I don’t feel that you would appreciate this or even that your dc would do as they were asked and stop misbehaving as it seems they normally don’t have to.

Tooner · 29/02/2020 08:45

What's all this 'gentle parent' stuff? Is it a new thing...is there a manual or does it just mean you're a gentle person naturally. Hard to keep up these days what with all the new (and quite weird) trendy parenting styles.

Apolloanddaphne · 29/02/2020 08:48

It is possible your children haven't been invited as they tend to be a major pain in the arse at events. They would maybe enjoy the experience but no-one else would.

Candyfloss99 · 29/02/2020 08:48

I'd be turning down an invite to a "naming ceremony" no matter who is invited!

Booboostwo · 29/02/2020 08:50

The way your children behave is clearly annoying and intolerable for other people.

If your DC behave this way because of SEN then the situation is really sad. I'd expect your friends to be more tolerant and understanding. Equally though I am afraid you will need to accept that not all social situations are suitable for a child with SEN who is not able to behave in a socially acceptable manner.

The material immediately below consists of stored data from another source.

lemma sum_even_half_p_cong:
  assumes "odd p" "\<And>n. 0 < n \<Longrightarrow> n < p \<Longrightarrow> p_cong p (f (p - n)) (f n)"
  shows "p_cong p (2 * (\<Sum>k=1..(p - 1) div 2. f (2 * k))) (\<Sum>n=1..p-1. f n)"
proof -
  define h where "h = (p - 1) div 2"
  have p: "p = 2 * h + 1"
    using assms(1) by (simp add: h_def)
  have "p - 2 * (h + 1 - k) = 2 * k - 1" if "1 \<le> k" "k \<le> h" for k
    using p that by simp
  then have "(\<Sum>k=1..h. f (2 * k - 1)) = (\<Sum>k=1..h. f (p - 2 * k))"
    by (intro sum.reindex_bij_witness [where i = "\<lambda>k. h + 1 - k" and j = "\<lambda>k. h + 1 - k"]) auto
  then have split: "(\<Sum>n=1..p-1. f n) = (\<Sum>k=1..h. f (2 * k)) + (\<Sum>k=1..h. f (p - 2 * k))"
    using sum_split_even_odd [of f h] p by simp
  have "p_cong p (\<Sum>k=1..h. f (p - 2 * k)) (\<Sum>k=1..h. f (2 * k))"
    using p by (intro p_cong_sum assms(2)) auto
  then have "p_cong p (\<Sum>n=1..p-1. f n) (2 * (\<Sum>k=1..h. f (2 * k)))"
    unfolding split mult_2 by (rule p_cong_add [OF p_cong_refl])
  then show ?thesis
    unfolding h_def by (rule p_cong_sym)
qed

end

theorem lemma3p3:
  fixes p :: nat
  assumes "prime p" and "p > 7"
  shows "rat_cong_mod
           (\<Sum>k=1..(p - 1) div 2. (2 * harm_rat (2 * k) - harm_rat k) / of_nat k ^ 4)
           (31 / 2 * bernoulli_num (p - 5)) p"
proof -
  define f where "f n = harm_avg n / of_nat n ^ 4" for n
  define h where "h = (p - 1) div 2"
  have odd: "odd p"
    using prime_odd_nat assms by simp
  have f_reflect: "p_cong p (f (p - n)) (f n)" if "0 < n" "n < p" for n
    unfolding f_def using assms that by (intro harm_avg_div_power_reflect) auto
  have total: "p_cong p (\<Sum>n=1..p-1. f n) (bernoulli_num (p - 5))"
    unfolding f_def using sum_harm_avg_div_power_p_cong [OF assms(1), of 4] assms(2) by simp
  have even_half: "p_cong p (2 * (\<Sum>k=1..h. f (2 * k))) (bernoulli_num (p - 5))"
    using p_cong_trans [OF assms(1) sum_even_half_p_cong [OF assms(1) odd, where f = f, OF f_reflect] total]
    unfolding h_def .
  have lower_half: "p_cong p (2 * (\<Sum>k=1..h. f k)) (bernoulli_num (p - 5))"
    using p_cong_trans [OF assms(1) sum_lower_half_p_cong [OF assms(1) odd, where f = f, OF f_reflect] total]
    unfolding h_def .
  have "(\<Sum>k=1..h. (2 * harm_rat (2 * k) - harm_rat k) / of_nat k ^ 4)
      = (\<Sum>k=1..h. 32 * f (2 * k) - f k)"
    by (intro sum.cong refl) (simp add: f_def harm_rat_double_div_power_eq)
  also have "\<dots> = 16 * (2 * (\<Sum>k=1..h. f (2 * k))) - 1 / 2 * (2 * (\<Sum>k=1..h. f k))"
    by (simp add: sum_subtractf sum_distrib_left)
  also have "p_cong p \<dots> (16 * bernoulli_num (p - 5) - 1 / 2 * bernoulli_num (p - 5))"
    using assms even_half lower_half
    by (intro p_cong_diff p_cong_mult_left p_integral_numeral p_integral_1
        p_integral_divide_of_nat [of p 1 2, simplified]) auto
  finally show ?thesis
    unfolding h_def by (intro rat_cong_mod_if_p_cong [OF assms(1)]) simp
qed

end
(* Let $\mu,\nu\in\mathbb{R}$ and $\sigma\in\mathbb{R}\setminus\{0\}$. On smooth functions $\Phi(x,t)$ on $\mathbb{R}^2$ define $$P=\partial_x,\quad H=\partial_t,\quad K=-\nu t\,\frac{e^{\sigma\partial_x}-1}{\sigma}-\mu x\,e^{-\sigma\partial_x}\partial_t,\quad D=-x\,\frac{1-e^{-\sigma\partial_x}}{\sigma}-t\partial_t,$$ $$C_1=(\mu x^2e^{-2\sigma\partial_x}+\nu t^2)\partial_t+2\nu xt\,\frac{1-e^{-\sigma\partial_x}}{\sigma}-\sigma\mu x\,e^{-2\sigma\partial_x}\partial_t,$$ $$C_2=-(\mu x^2e^{-\sigma\partial_x}+\nu t^2)\frac{e^{\sigma\partial_x}-1}{\sigma}-2\mu xt\,\partial_t-\sigma\mu(t\partial_t+t^2\partial_t^2),$$ where $e^{a\partial_x}$ is the shift $\Phi(x,t)\mapsto\Phi(x+a,t)$ and $x,t$ denote multiplication operators. Then these operators satisfy the relations $[K,H]=\nu\frac{e^{\sigma P}-1}{\sigma}$, $[K,P]=\mu e^{-\sigma P}H$, $[H,P]=0$, $[K,D]=0$, $[D,H]=H$, $[D,C_1]=-C_1$, $[H,C_1]=-2\nu D$, $[D,P]=\frac{1-e^{-\sigma P}}{\sigma}$, $[D,C_2]=-C_2-\sigma\mu D^2$, $[P,C_2]=2\mu D$, $[K,C_1]=\nu C_2+\sigma\mu\nu D^2$, $[K,C_2]=\mu C_1$, $[P,C_1]=-e^{-\sigma P}K-Ke^{-\sigma P}$, $[H,C_2]=2K+\sigma\mu(DH+HD)$, $[C_1,C_2]=-\sigma\mu(DC_1+C_1D)$. Moreover, with $$E_\sigma=\nu\Big(\frac{e^{\sigma\partial_x}-1}{\sigma}\Big)^2-\mu\,\partial_t^2,$$ one has $[E_\sigma,X]=0$ for $X\in\{K,P,H\}$, $[E_\sigma,D]=-2E_\sigma$, $[E_\sigma,C_1]=4\nu t\,E_\sigma$ and $[E_\sigma,C_2]=-4\mu(x+\sigma+\sigma t\partial_t)E_\sigma$. In particular each of these operators maps solutions of $E_\sigma\Phi=0$ to solutions. *)

theory Defs
  imports "HOL-Analysis.Analysis"
begin

type_synonym fn = "real \<times> real \<Rightarrow> real"
type_synonym op = "fn \<Rightarrow> fn"

definition Dx :: op where
  "Dx \<Phi> = (\<lambda>(x, t). deriv (\<lambda>y. \<Phi> (y, t)) x)"
definition Dt :: op where
  "Dt \<Phi> = (\<lambda>(x, t). deriv (\<lambda>s. \<Phi> (x, s)) t)"

text \<open>Shift operator e^{a d/dx}: Phi(x,t) |-> Phi(x+a,t).\<close>
definition Sh :: "real \<Rightarrow> op" where
  "Sh a \<Phi> = (\<lambda>(x, t). \<Phi> (x + a, t))"

definition mul :: "(real \<times> real \<Rightarrow> real) \<Rightarrow> op" where
  "mul f \<Phi> = (\<lambda>p. f p * \<Phi> p)"
definition X :: op where "X = mul fst"
definition T :: op where "T = mul snd"
lemma det_bordered:
  fixes X :: "'b::idom mat"
  assumes X: "X \<in> carrier_mat (Suc k) (Suc k)"
    and nz: "det (mat k k (\<lambda>(i,j). X $$ (i,j))) \<noteq> 0"
  shows "det X = X $$ (k,k) * det (mat k k (\<lambda>(i,j). X $$ (i,j)))
     - vec k (\<lambda>j. X $$ (k,j)) \<bullet> (adj_mat (mat k k (\<lambda>(i,j). X $$ (i,j))) *\<^sub>v vec k (\<lambda>i. X $$ (i,k)))"
proof -
  define A0 where "A0 = mat k k (\<lambda>(i,j). X $$ (i,j))"
  define a where "a = vec k (\<lambda>i. X $$ (i,k))"
  define \<beta> where "\<beta> = vec k (\<lambda>j. X $$ (k,j))"
  define d where "d = X $$ (k,k)"
  define \<delta> where "\<delta> = det A0"
  define w where "w = adj_mat A0 *\<^sub>v a"
  define e where "e = d * \<delta> - \<beta> \<bullet> w"
  have A0: "A0 \<in> carrier_mat k k" unfolding A0_def by simp
  have adj: "adj_mat A0 \<in> carrier_mat k k" using adj_mat[OF A0] by simp
  have a: "a \<in> carrier_vec k" unfolding a_def by simp
  have w: "w \<in> carrier_vec k" unfolding w_def using adj a by simp
  define Ca where "Ca = mat k 1 (\<lambda>(i,_). a $ i)"
  define Rb where "Rb = mat 1 k (\<lambda>(_,j). \<beta> $ j)"
  define Dd where "Dd = mat 1 1 (\<lambda>_. d)"
  define Cw where "Cw = mat k 1 (\<lambda>(i,_). - w $ i)"
  define Dl where "Dl = mat 1 1 (\<lambda>_. \<delta>)"
  define De where "De = mat 1 1 (\<lambda>_. e)"
  have Xeq: "X = four_block_mat A0 Ca Rb Dd"
    by (rule eq_matI, insert X, auto simp: A0_def Ca_def Rb_def Dd_def a_def \<beta>_def d_def
        index_mat_four_block less_Suc_eq)
  \<comment> \<open>Multiplying by \<open>R = [[I, -adj(A\<^sub>0) a], [0, det A\<^sub>0]]\<close> clears the last column above the
    diagonal and leaves \<open>e\<close> in the corner.\<close>
  define R where "R = four_block_mat (1\<^sub>m k) Cw (0\<^sub>m 1 k) Dl"
  have R: "R \<in> carrier_mat (k+1) (k+1)" unfolding R_def Cw_def Dl_def by auto
  have detR: "det R = \<delta>" unfolding R_def
    by (subst det_four_block_mat_lower_left_zero[of _ k _ 1], auto simp: Cw_def Dl_def det_single)
  have aw: "A0 *\<^sub>v w = \<delta> \<cdot>\<^sub>v a"
  proof -
    have "A0 *\<^sub>v w = (A0 * adj_mat A0) *\<^sub>v a" unfolding w_def using A0 adj a
      by (simp add: assoc_mult_mat_vec)
    also have "\<dots> = (\<delta> \<cdot>\<^sub>m 1\<^sub>m k) *\<^sub>v a" using adj_mat(2)[OF A0] \<delta>_def by simp
    also have "\<dots> = \<delta> \<cdot>\<^sub>v a" using a by auto
    finally show ?thesis .
  qed
  have blk1: "A0 * Cw + Ca * Dl = 0\<^sub>m k 1"
  proof (rule eq_matI)
    fix i j assume ij: "i < dim_row (0\<^sub>m k 1 :: 'b mat)" "j < dim_col (0\<^sub>m k 1 :: 'b mat)"
    hence i: "i < k" and j: "j = 0" by auto
    have "(A0 * Cw) $$ (i,j) = row A0 i \<bullet> col Cw 0" using i j A0 unfolding Cw_def by simp
    also have "col Cw 0 = - w" unfolding Cw_def using w by (auto simp: col_def)
    also have "row A0 i \<bullet> (- w) = - (row A0 i \<bullet> w)" using w A0 i by simp
    also have "row A0 i \<bullet> w = (A0 *\<^sub>v w) $ i" using A0 i by simp
    also have "\<dots> = \<delta> * a $ i" unfolding aw using a i by simp
    finally have 1: "(A0 * Cw) $$ (i,j) = - (\<delta> * a $ i)" .
    have 2: "(Ca * Dl) $$ (i,j) = a $ i * \<delta>" using i j unfolding Ca_def Dl_def
      by (simp add: scalar_prod_def row_def col_def)
    show "(A0 * Cw + Ca * Dl) $$ (i,j) = 0\<^sub>m k 1 $$ (i,j)"
      using 1 2 i j A0 unfolding Cw_def Ca_def Dl_def by (simp add: mult.commute)
  qed (auto simp: Cw_def Ca_def Dl_def)
  have blk2: "Rb * Cw + Dd * Dl = De"
  proof (rule eq_matI)
    fix i j assume ij: "i < dim_row De" "j < dim_col De"
    hence i: "i = 0" and j: "j = 0" by (auto simp: De_def)
    have "(Rb * Cw) $$ (0,0) = \<beta> \<bullet> (- w)" unfolding Rb_def Cw_def
      using w by (auto simp: scalar_prod_def row_def col_def intro!: sum.cong)
    also have "\<dots> = - (\<beta> \<bullet> w)" using w by (simp add: \<beta>_def)
    finally show "(Rb * Cw + Dd * Dl) $$ (i,j) = De $$ (i,j)" using i j
      unfolding De_def Dd_def Dl_def Rb_def Cw_def e_def
      by (simp add: scalar_prod_def row_def col_def)
  qed (auto simp: De_def Rb_def Dd_def Cw_def Dl_def)
  have prod: "X * R = four_block_mat A0 (0\<^sub>m k 1) Rb De"
    unfolding Xeq R_def
    apply (subst mult_four_block_mat[of _ k k _ 1 _ 1 _ _ k _ 1])
    using A0 blk1 blk2 by (auto simp: Ca_def Rb_def Dd_def Cw_def Dl_def)
  have "det (X * R) = \<delta> * e"
    unfolding prod
    by (subst det_four_block_mat_upper_right_zero[of _ k _ 1], insert A0,
        auto simp: Rb_def De_def det_single \<delta>_def)
  moreover have "det (X * R) = det X * \<delta>" using det_mult[OF X, of R] R detR by simp
  ultimately have "det X * \<delta> = e * \<delta>" by (simp add: mult.commute)
  hence "det X = e" using nz unfolding \<delta>_def A0_def by simp
  thus ?thesis unfolding e_def d_def \<delta>_def A0_def \<beta>_def w_def a_def by simp
qed
text \<open>Piecewise constant state paths on [0,infinity): right-continuous with left limits
  (for a discrete state space this means a step function with finitely many jumps
  on every bounded interval).\<close>

definition step_path :: "(real \<Rightarrow> 'x) \<Rightarrow> bool" where
  "step_path \<rho> \<longleftrightarrow>
     (\<forall>t\<ge>0. \<forall>\<^sub>F s in at_right t. \<rho> s = \<rho> t) \<and>
     (\<forall>t>0. \<exists>x. \<forall>\<^sub>F s in at_left t. \<rho> s = x)"

definition left_val :: "(real \<Rightarrow> 'x) \<Rightarrow> real \<Rightarrow> 'x" where
  "left_val \<rho> t = (THE x. \<forall>\<^sub>F s in at_left t. \<rho> s = x)"

definition jumps :: "(real \<Rightarrow> 'x) \<Rightarrow> real set" where
  "jumps \<rho> = {t. 0 < t \<and> left_val \<rho> t \<noteq> \<rho> t}"

definition service_cost :: "(real \<Rightarrow> 'x \<Rightarrow> real) \<Rightarrow> (real \<Rightarrow> 'x) \<Rightarrow> ennreal" where
  "service_cost c \<rho> = (\<integral>\<^sup>+ t\<in>{0..}. ennreal (c t (\<rho> t)) \<partial>lborel)"

definition movement_cost :: "('x \<Rightarrow> 'x \<Rightarrow> real) \<Rightarrow> (real \<Rightarrow> 'x) \<Rightarrow> ennreal" where
  "movement_cost d \<rho> = (\<integral>\<^sup>+ t. ennreal (d (left_val \<rho> t) (\<rho> t)) \<partial>count_space (jumps \<rho>))"

definition cont_cost ::
  "('x \<Rightarrow> 'x \<Rightarrow> real) \<Rightarrow> (real \<Rightarrow> 'x \<Rightarrow> real) \<Rightarrow> (real \<Rightarrow> 'x) \<Rightarrow> ennreal" where
  "cont_cost d c \<rho> = service_cost c \<rho> + movement_cost d \<rho>"

definition cont_opt :: "('x \<Rightarrow> 'x \<Rightarrow> real) \<Rightarrow> 'x \<Rightarrow> (real \<Rightarrow> 'x \<Rightarrow> real) \<Rightarrow> ennreal" where
  "cont_opt d rho0 c = (INF \<rho>\<in>{\<rho>. step_path \<rho> \<and> \<rho> 0 = rho0}. cont_cost d c \<rho>)"
(* Let $(G,\sigma)$ be a finite connected signed graph satisfying $CD_{p}^{\sigma}(K,N)$ with $p\geq2$, $N>1$ and $K>0$. Then the first (smallest) nonzero eigenvalue $\lambda_p^\sigma$ of $\Delta_p^\sigma$ satisfies \[ \lambda_{p}^{\sigma}\geq\left(\frac{1}{\mathrm{vol}(G)}\right)^{\frac{p-2}{2}}\left(\frac{NK}{N-1}\right)^{\frac{p}{2}}, \] where $\mathrm{vol}(G)=\sum_{x\in V}d_x$.
   Context: $G=(V,E)$ is a finite simple connected graph with degrees $d_x$; $\sigma:E\to\{\pm1\}$, $\sigma_{xy}=\sigma(\{x,y\})$. For $p>1$: $\Delta_{p}^{\sigma}f(x)=\frac{1}{d_{x}}\sum_{y\sim x}|\sigma_{xy}f(y)-f(x)|^{p-2}(\sigma_{xy}f(y)-f(x))$ (with $|t|^{p-2}t=0$ at $t=0$); eigenvalue $\lambda$: $-\Delta_{p}^{\sigma}f=\lambda|f|^{p-2}f$ for some nonzero $f$. $\Gamma_p^\sigma(f,g)(x)=\frac{1}{2d_{x}}\sum_{y\sim x}|\sigma_{xy}f(y)-f(x)|^{p-2}(\sigma_{xy}f(y)-f(x))(\sigma_{xy}g(y)-g(x))$; $\mathscr{L}^\sigma_{p,f}\varphi(x)=\frac{1}{d_{x}}\sum_{y\sim x}|\sigma_{xy}f(y)-f(x)|^{p-2}(\varphi(y)-\varphi(x))$; $\Gamma_{p,2}^\sigma(f,f)(x)=\frac12\mathscr{L}_{p,f}^\sigma(\Gamma^\sigma_p(f,f))(x)-\Gamma_p^\sigma(f,\Delta_p^\sigma f)(x)$. $(G,\sigma)$ satisfies $CD_p^\sigma(K,N)$ if at every $x\in V$, $\Gamma_{p,2}^{\sigma}(f,f)(x)\geq\frac{1}{N}(\Delta_{p}^{\sigma}f(x))^{2}+K(\Gamma^{\sigma}_{p}(f,f)(x))^{\frac{2p-2}{p}}$ for every $f:V\to\mathbb{R}$ with $\sigma_{xy}f(y)-f(x)\neq0$ for every $y\sim x$ ($\frac1N=0$ if $N=\infty$). *)

theory Defs
  imports Complex_Main
begin
theorem lemma3p2:
  fixes d r :: nat and \<Omega> :: "H tup set" and f :: "H tup \<Rightarrow> H tup"
  assumes "nc_domain d \<Omega>" and "nc_function d r \<Omega> f"
  shows "(\<forall>x\<in>\<Omega>. \<forall>\<epsilon>>0. \<exists>\<delta>>0. \<forall>y\<in>\<Omega>.
            tnorm d UNIV (tsub y x) < \<delta> \<longrightarrow> tnorm r UNIV (tsub (f y) (f x)) < \<epsilon>)
       \<and> (\<forall>x\<in>\<Omega>. \<forall>h\<in>BT d UNIV. \<exists>L\<in>BT r UNIV. \<forall>\<epsilon>>0. \<exists>\<delta>>0. \<forall>t::complex.
            t \<noteq> 0 \<and> cmod t < \<delta> \<and> tadd x (tscale t h) \<in> \<Omega> \<longrightarrow>
            tnorm r UNIV (tsub (tscale (1 / t) (tsub (f (tadd x (tscale t h))) (f x))) L) < \<epsilon>)
       \<and> (\<forall>x\<in>\<Omega>. \<exists>D :: H tup \<Rightarrow> H tup.
            (\<forall>h\<in>BT d UNIV. D h \<in> BT r UNIV)
          \<and> (\<forall>h\<in>BT d UNIV. \<forall>k\<in>BT d UNIV. \<forall>a b.
               D (tadd (tscale a h) (tscale b k)) = tadd (tscale a (D h)) (tscale b (D k)))
          \<and> (\<exists>C. \<forall>h\<in>BT d UNIV. tnorm r UNIV (D h) \<le> C * tnorm d UNIV h)
          \<and> (\<forall>\<epsilon>>0. \<exists>\<delta>>0. \<forall>h\<in>BT d UNIV. tnorm d UNIV h < \<delta> \<and> tadd x h \<in> \<Omega> \<longrightarrow>
               tnorm r UNIV (tsub (tsub (f (tadd x h)) (f x)) (D h)) \<le> \<epsilon> * tnorm d UNIV h))"
proof -
  obtain \<Omega>s where "nc_setting d r \<Omega> f \<Omega>s" using nc_setting_exists[OF assms] by blast
  then interpret nc_setting d r \<Omega> f \<Omega>s .
  show ?thesis using f_continuous gateaux_differentiable frechet_differentiable by blast
qed

end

If your DC behave this way because of your parenting style, given that they will have to live around other people, you need to realize that your parenting style is disservice for your DCs. I have a friend who has brought up his DCs without value judgements, that is he never praises or blames them for anything. Apparently this should lead them to develop their own, independent, values...which they have. The oldest is completely self-centered and can't take other people's feelings and needs into consideration at all (no SEN). As a result she was an unpleasant child and is now an unpleasant teenager. She is sad that she has no friends, but can't quite understand why. Now that she is a teenager some adults have begun telling her how unpleasant she is, and I assume more will do so as she grows into an adult. I feel sorry for her but stay away from her because she is so unlikable. The youngest child has realized by himself (maybe by seeing his older sister?) that he needs to self-impose limits if he wants to function socially.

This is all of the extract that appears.